23 Al komen koningen bij elkaar
om plannen te smeden om mij kwaad te doen,
toch houd ik me aan uw wet.
24 Ja, ik geniet van uw wetten.
Ze geven me raad.

Psalmen 12-14

Psalm 12

Een lied van David, op de wijs van: 'De achtste'. Voor de leider van het koor.

Help ons, Heer!
Want er zijn geen goede mensen meer.
Er zijn nog maar heel weinig mensen trouw aan U.

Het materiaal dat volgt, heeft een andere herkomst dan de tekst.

lemma coords_in_RRA_point:
  assumes arcsin_mem: "\<And>x. x \<in> K \<Longrightarrow> \<bar>x\<bar> \<le> 1 \<Longrightarrow> arcsin x / pi \<in> K"
    and "coords_in V" "coords_in A" "coords_in C" "coords_in P" "coords_in Q"
  shows "coords_in (P + of_real (2 * angle_at V A C / pi) * (Q - P))"
proof -
  define w where "w = Re ((C - V) * cnj (A - V)) / (cmod (C - V) * cmod (A - V))"
  have "coords_in ((C - V) * cnj (A - V))"
    using assms(2-4) by (intro coords_in_mult coords_in_cnj coords_in_diff)
  then have "w \<in> K"
    using assms(2-4) unfolding w_def coords_in_def[of "(C - V) * cnj (A - V)"]
    by (simp add: divide_mem mult_mem norm_mem coords_in_diff)
  have "\<bar>Re ((C - V) * cnj (A - V))\<bar> \<le> cmod (C - V) * cmod (A - V)"
    using abs_Re_le_cmod[of "(C - V) * cnj (A - V)"] by (simp only: norm_mult complex_mod_cnj)
  then have "\<bar>w\<bar> \<le> 1" unfolding w_def abs_divide
    by (cases "cmod (C - V) * cmod (A - V) = 0") (simp_all add: divide_le_eq_1)
  then have "arccos w = pi / 2 - arcsin w" by (intro arccos_arcsin_eq) linarith+
  then have "2 * angle_at V A C / pi = 1 - 2 * (arcsin w / pi)"
    unfolding angle_at_def w_def[symmetric] by (simp add: field_simps)
  also have "\<dots> \<in> K"
    using arcsin_mem[OF \<open>w \<in> K\<close> \<open>\<bar>w\<bar> \<le> 1\<close>] by (intro diff_mem mult_mem one_mem two_mem)
  finally show ?thesis using assms(5,6) by (rule coords_in_line_point[rotated 2])
qed

lemma coords_in_constr:
  assumes "constr T z"
    and RA_closed: "T = RA_tool \<Longrightarrow> \<forall>x\<in>K. sin (pi * x) \<in> K"
    and RRA_closed: "T = RRA_tool \<Longrightarrow> \<forall>x\<in>K. \<bar>x\<bar> \<le> 1 \<longrightarrow> arcsin x / pi \<in> K"
  shows "coords_in z"
  using assms(1)
proof induction
  case zero
  then show ?case using zero_mem unfolding coords_in_def by simp
next
  case one
  then show ?case using zero_mem one_mem unfolding coords_in_def by simp
next
  case (line_line a b c d z)
  show ?case by (rule coords_in_line_line[of a b c d]) (use line_line in simp_all)
next
  case (line_circle a b c d z)
  show ?case by (rule coords_in_line_circle[of a b c d]) (use line_circle in simp_all)
next
  case (circle_circle c d c' d' z)
  show ?case by (rule coords_in_circle_circle[of c d c' d']) (use circle_circle in simp_all)
next
  case (RA V A B P1 P2 Q1 Q2 p q)
  show ?case
    by (rule coords_in_ray_point) (use RA RA_closed in \<open>simp_all add: norm_mem coords_in_diff\<close>)
next
  case (RRA V A B C a b P Q)
  show ?case by (rule coords_in_RRA_point) (use RRA RRA_closed in simp_all)
qed

lemma length_mem_if_coords_in:
  assumes "coords_in P" "coords_in Q" "\<bar>r\<bar> = cmod (P - Q)"
  shows "r \<in> K"
proof -
  have "\<bar>r\<bar> \<in> K" using norm_mem[OF coords_in_diff[OF assms(1,2)]] assms(3) by simp
  then show ?thesis using uminus_mem[of "\<bar>r\<bar>"] by (cases "0 \<le> r") simp_all
qed

end

interpretation RA_numbers: sqrt_closed_subfield RA_numbers
  by unfold_locales (auto intro: RA_numbers.intros)

interpretation RRA_numbers: sqrt_closed_subfield RRA_numbers
  by unfold_locales (auto intro: RRA_numbers.intros)

lemma constr_of_real_RA_numbers: "x \<in> RA_numbers \<Longrightarrow> constr RA_tool (of_real x)"
proof (induction rule: RA_numbers.induct)
  case one
  then show ?case using constr.one by simp
next
  case (add x y)
  then show ?case using constr_add by fastforce
next
  case (diff x y)
  then show ?case using constr_diff by fastforce
next
  case (mult x y)
  then show ?case using constr_of_real_mult by blast
next
  case (divide x y)
  then show ?case using constr_of_real_divide by blast
next
  case (sqrt x)
  then show ?case using constr_of_real_sqrt by blast
next
  case (sin_pi x)
  then show ?case using constr_RA_sin_pi by blast
qed

lemma constr_of_real_RRA_numbers: "x \<in> RRA_numbers \<Longrightarrow> constr RRA_tool (of_real x)"
proof (induction rule: RRA_numbers.induct)
  case one
  then show ?case using constr.one by simp
next
  case (add x y)
  then show ?case using constr_add by fastforce
next
  case (diff x y)
  then show ?case using constr_diff by fastforce
next
  case (mult x y)
  then show ?case using constr_of_real_mult by blast
next
  case (divide x y)
  then show ?case using constr_of_real_divide by blast
next
  case (sqrt x)
  then show ?case using constr_of_real_sqrt by blast
next
  case (arcsin_pi x)
  then show ?case using constr_RRA_arcsin_div_pi by blast
qed

lemma RA_constructible_iff: "RA_constructible r \<longleftrightarrow> r \<in> RA_numbers"
proof
  assume "RA_constructible r"
  then obtain P Q where "constr RA_tool P" "constr RA_tool Q" "\<bar>r\<bar> = cmod (P - Q)"
    unfolding RA_constructible_def by blast
  then show "r \<in> RA_numbers"
    by (intro RA_numbers.length_mem_if_coords_in RA_numbers.coords_in_constr)
      (auto intro: RA_numbers.sin_pi)
next
  assume "r \<in> RA_numbers"
  then show "RA_constructible r"
    unfolding RA_constructible_def using constr_of_real_RA_numbers constr.zero by fastforce
qed

lemma RRA_constructible_iff: "RRA_constructible r \<longleftrightarrow> r \<in> RRA_numbers"
proof
  assume "RRA_constructible r"
  then obtain P Q where "constr RRA_tool P" "constr RRA_tool Q" "\<bar>r\<bar> = cmod (P - Q)"
    unfolding RRA_constructible_def by blast
  then show "r \<in> RRA_numbers"
    by (intro RRA_numbers.length_mem_if_coords_in RRA_numbers.coords_in_constr)
      (auto intro: RRA_numbers.arcsin_pi)
next
  assume "r \<in> RRA_numbers"
  then show "RRA_constructible r"
    unfolding RRA_constructible_def using constr_of_real_RRA_numbers constr.zero by fastforce
qed

theorem theorem7p2:
  shows "(\<forall>r::real. RA_constructible r \<longleftrightarrow> r \<in> RA_numbers) \<and>
         (\<forall>r::real. RRA_constructible r \<longleftrightarrow> r \<in> RRA_numbers)"
  using RA_constructible_iff RRA_constructible_iff by blast

end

De mensen bedriegen elkaar.
Ze zeggen het één, maar bedoelen iets anders.
Ze spreken gladde woorden.
Heer, leg die bedriegers het zwijgen op!
Ook alle mensen die trots denken dat ze U niet nodig hebben.
Maak een einde aan mensen die zeggen:
"Met onze tong zijn we machtig. Ónze lippen geven de bevelen.
Wie doet ons wat?"

De Heer zegt: "De mensen kreunen,
want ze worden verdrukt.
Daarom kom Ik hen helpen.
Ik breng hen in veiligheid."
Wat de Heer zegt, is altijd waar.
Zijn woorden zijn zo zuiver als zilver
dat in een smelt-oven zeven keer is gezuiverd.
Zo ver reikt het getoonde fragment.